Being a poor speller means I have trouble with homonyms like there, their and they’re. Double consonants trip me up. When to add LY or LLY confuses me. Catching my own typos requires dozens of edits. Foreign words like “bon appetit” are impossible. My working memory for word recognition is so weak that when I Google how to spell a word, it’s difficult for me to hold that word in my head long enough to write it down.

Conversely, I was an early reader who could tackle books by preschool. In third grade I could speed-read through a book per night. It makes sense that none of my teachers suspected a learning disability like dyslexia based on my reading ability. However, if you looked at the other raw data I produced, there were clear indicators that something was wrong. My writing samples were red-inked disasters.

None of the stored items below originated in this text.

(* Let $G$ be the final graph of the uncoordinated construction (described in the context) on a set $P\subset\mathbb{R}^d$ of $n$ points with parameter $s>1$. Then $G$ is a spanner with stretch factor $(s+1)/(s-1)$ (for all $p,q\in P$ the shortest path length in $G$, with edges weighted by Euclidean length, is at most $\frac{s+1}{s-1}|pq|$) and $G$ has $O(n s^d)$ edges, where the implied constant depends only on $d$.
   Context: Fix $d\ge 1$; $|xy|$ is Euclidean distance. Uncoordinated construction: start with the graph $G$ on vertex set $P$ with no edges. Every ordered pair $(p,q)$ of distinct points of $P$ is processed exactly once, in an arbitrary order, one at a time. When $(p,q)$ is processed, the edge $pq$ is added to $G$ unless $G$ currently contains an edge whose endpoints can be labeled $p',q'$ with $|pp'|\le |p'q'|/(2s+2)$ and $|qq'|\le |p'q'|/(2s+2)$. $G$ is the graph after all pairs are processed. *)

theory Defs
  imports "HOL-Analysis.Analysis"
begin

text \<open>Undirected graphs on points are represented by their edge sets, each edge
  being the doubleton set of its two endpoints.\<close>

definition covered :: "real \<Rightarrow> 'a::euclidean_space set set \<Rightarrow> 'a \<Rightarrow> 'a \<Rightarrow> bool" where
  "covered s E p q \<longleftrightarrow> (\<exists>p' q'. {p', q'} \<in> E \<and>
      dist p p' \<le> dist p' q' / (2 * s + 2) \<and> dist q q' \<le> dist p' q' / (2 * s + 2))"

definition process_pair :: "real \<Rightarrow> 'a::euclidean_space set set \<Rightarrow> 'a \<times> 'a \<Rightarrow> 'a set set" where
  "process_pair s E pq = (if covered s E (fst pq) (snd pq) then E else insert {fst pq, snd pq} E)"

definition uncoordinated_graph :: "real \<Rightarrow> ('a::euclidean_space \<times> 'a) list \<Rightarrow> 'a set set" where
  "uncoordinated_graph s pairs = foldl (process_pair s) {} pairs"

definition valid_order :: "'a set \<Rightarrow> ('a \<times> 'a) list \<Rightarrow> bool" where
  "valid_order P pairs \<longleftrightarrow> distinct pairs \<and> set pairs = {(p, q). p \<in> P \<and> q \<in> P \<and> p \<noteq> q}"

definition is_walk :: "'a set set \<Rightarrow> 'a list \<Rightarrow> 'a \<Rightarrow> 'a \<Rightarrow> bool" where
  "is_walk E xs p q \<longleftrightarrow> xs \<noteq> [] \<and> hd xs = p \<and> last xs = q \<and>
      (\<forall>(a, b) \<in> set (zip xs (tl xs)). {a, b} \<in> E)"

definition walk_length :: "'a::metric_space list \<Rightarrow> real" where
  "walk_length xs = sum_list (map (\<lambda>(a, b). dist a b) (zip xs (tl xs)))"

end

theory Submission
  imports Defs
begin

(*
  Stretch: when (p, q) is not an edge it is covered by an edge p'q' with |pp'|, |qq'| at most
  |p'q'|/(2s+2). The pairs (p, p') and (q', q) are then strictly shorter than pq, so by
  induction on the distance they are joined by walks of stretch t = (s+1)/(s-1), and the walk
  p ~> p' -- q' ~> q has length at most t |pq|.

  Size: an edge is only added when it is not covered, so the final graph is separated: no two
  distinct edges have both pairs of corresponding endpoints within 1/(2s+2) of the shorter
  length. Give an edge of length about A 2^k, A = d (2s+2), the level k of the dyadic grid;
  points in one level-k cell are then within |e|/(2s+2). Raise the level to a node of the
  compressed quadtree of P at which the cell of one endpoint branches while the point sets of
  both cells stay unchanged. The edge is then determined by that node and the grid offset of
  its other endpoint, which has O(s)^d possible values, and the compressed quadtree has at
  most 3n nodes.
*)

definition graph_on :: "'a set \<Rightarrow> 'a set set \<Rightarrow> bool" where
  "graph_on P E \<longleftrightarrow> (\<forall>e\<in>E. \<exists>p q. e = {p, q} \<and> p \<in> P \<and> q \<in> P \<and> p \<noteq> q)"

definition close_edges :: "real \<Rightarrow> 'a::metric_space \<Rightarrow> 'a \<Rightarrow> 'a \<Rightarrow> 'a \<Rightarrow> bool" where
  "close_edges s p q p' q' \<longleftrightarrow>
     dist p p' \<le> min (dist p q) (dist p' q') / (2 * s + 2) \<and>
     dist q q' \<le> min (dist p q) (dist p' q') / (2 * s + 2)"

definition separated :: "real \<Rightarrow> 'a::metric_space set set \<Rightarrow> bool" where
  "separated s E \<longleftrightarrow> (\<forall>p q p' q'. {p, q} \<in> E \<longrightarrow> {p', q'} \<in> E \<longrightarrow>
     close_edges s p q p' q' \<longrightarrow> {p, q} = {p', q'})"

lemma separatedD:
  "separated s E \<Longrightarrow> {p, q} \<in> E \<Longrightarrow> {p', q'} \<in> E \<Longrightarrow> close_edges s p q p' q' \<Longrightarrow> {p, q} = {p', q'}"
  unfolding separated_def by blast

lemma close_edges_commute: "close_edges s p q p' q' \<longleftrightarrow> close_edges s p' q' p q"
  unfolding close_edges_def by (simp add: dist_commute min.commute)

lemma close_edges_swap: "close_edges s p q p' q' \<longleftrightarrow> close_edges s q p q' p'"
  unfolding close_edges_def by (auto simp: dist_commute min.commute)

lemma graph_on_endpoints: "graph_on P E \<Longrightarrow> {p, q} \<in> E \<Longrightarrow> p \<in> P \<and> q \<in> P"
  unfolding graph_on_def by (metis doubleton_eq_iff)

lemma covered_mono: "covered s E p q \<Longrightarrow> E \<subseteq> E' \<Longrightarrow> covered s E' p q"
  unfolding covered_def by blast

lemma covered_if_close_edges:
  assumes "s > -1" "{p', q'} \<in> E" "close_edges s p q p' q'"
  shows "covered s E p q"
proof -
  have "min (dist p q) (dist p' q') / (2 * s + 2) \<le> dist p' q' / (2 * s + 2)"
    using \<open>s > -1\<close> by (simp add: divide_right_mono)
  then show ?thesis
    using assms unfolding covered_def close_edges_def by (meson order_trans)
qed

lemma not_close_to_uncovered_edge:
  assumes "s > -1" "\<not> covered s E a b" "{p, q} = {a, b}" "{p', q'} \<in> E"
  shows "\<not> close_edges s p q p' q'"
proof
  assume close: "close_edges s p q p' q'"
  consider "p = a" "q = b" | "p = b" "q = a"
    using \<open>{p, q} = {a, b}\<close> by (auto simp: doubleton_eq_iff)
  then show False
  proof cases
    case 1
    then show False using covered_if_close_edges[OF \<open>s > -1\<close> \<open>{p', q'} \<in> E\<close>] close assms(2) by simp
  next
    case 2
    have "{q', p'} \<in> E" using \<open>{p', q'} \<in> E\<close> by (simp add: insert_commute)
    moreover have "close_edges s a b q' p'" using close 2 close_edges_swap by blast
    ultimately show False using covered_if_close_edges[OF \<open>s > -1\<close>] assms(2) by blast
  qed
qed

In San Diego in the 1980s, children took the California Achievement Test. I’d score 99 percent in every subject but spelling, which would be in the super low 20s or 30s. That type of discrepancy is a huge red flag for a learning disability.

Another red flag is the correlation between effort and performance. It wasn’t that I didn’t try to spell words correctly. I spent my childhood hearing teachers tell me to “sound it out” or “picture the word in my head.”

But I couldn’t. Instead, I’d take my weekly spelling list and copy the words over and over again 50 times, saying the letters out loud while I wrote. This probably helped because it was a multisensory approach, but it wasn’t the systematic, sequential phonics intervention poor spellers need.

By middle school, I had given up learning how spell and switched over to adapting for my weakness. The introduction of spell check was life-changing. I stopped turning in papers in my best pen-and-ink cursive and used word processing programs instead. In special education, this is called using assistive technology to compensate for a learning disability.

There are other things I struggle with beyond spelling that are related to the same deficits. I can’t remember phone numbers or addresses, jigsaw puzzles are torture, my handwriting is subpar and — here’s a weird one — I have difficulty matching the lids on reusable containers.

When you’re a poor speller, the world tells you you’re stupid over and over again for your entire life. One typo can cut you down and make you look foolish. But you’re not stupid or foolish. Your brain is wired differently, and it’s not your fault.

People who make fun of me for spelling mistakes are jerks, but Spell Check? She’s my BFF.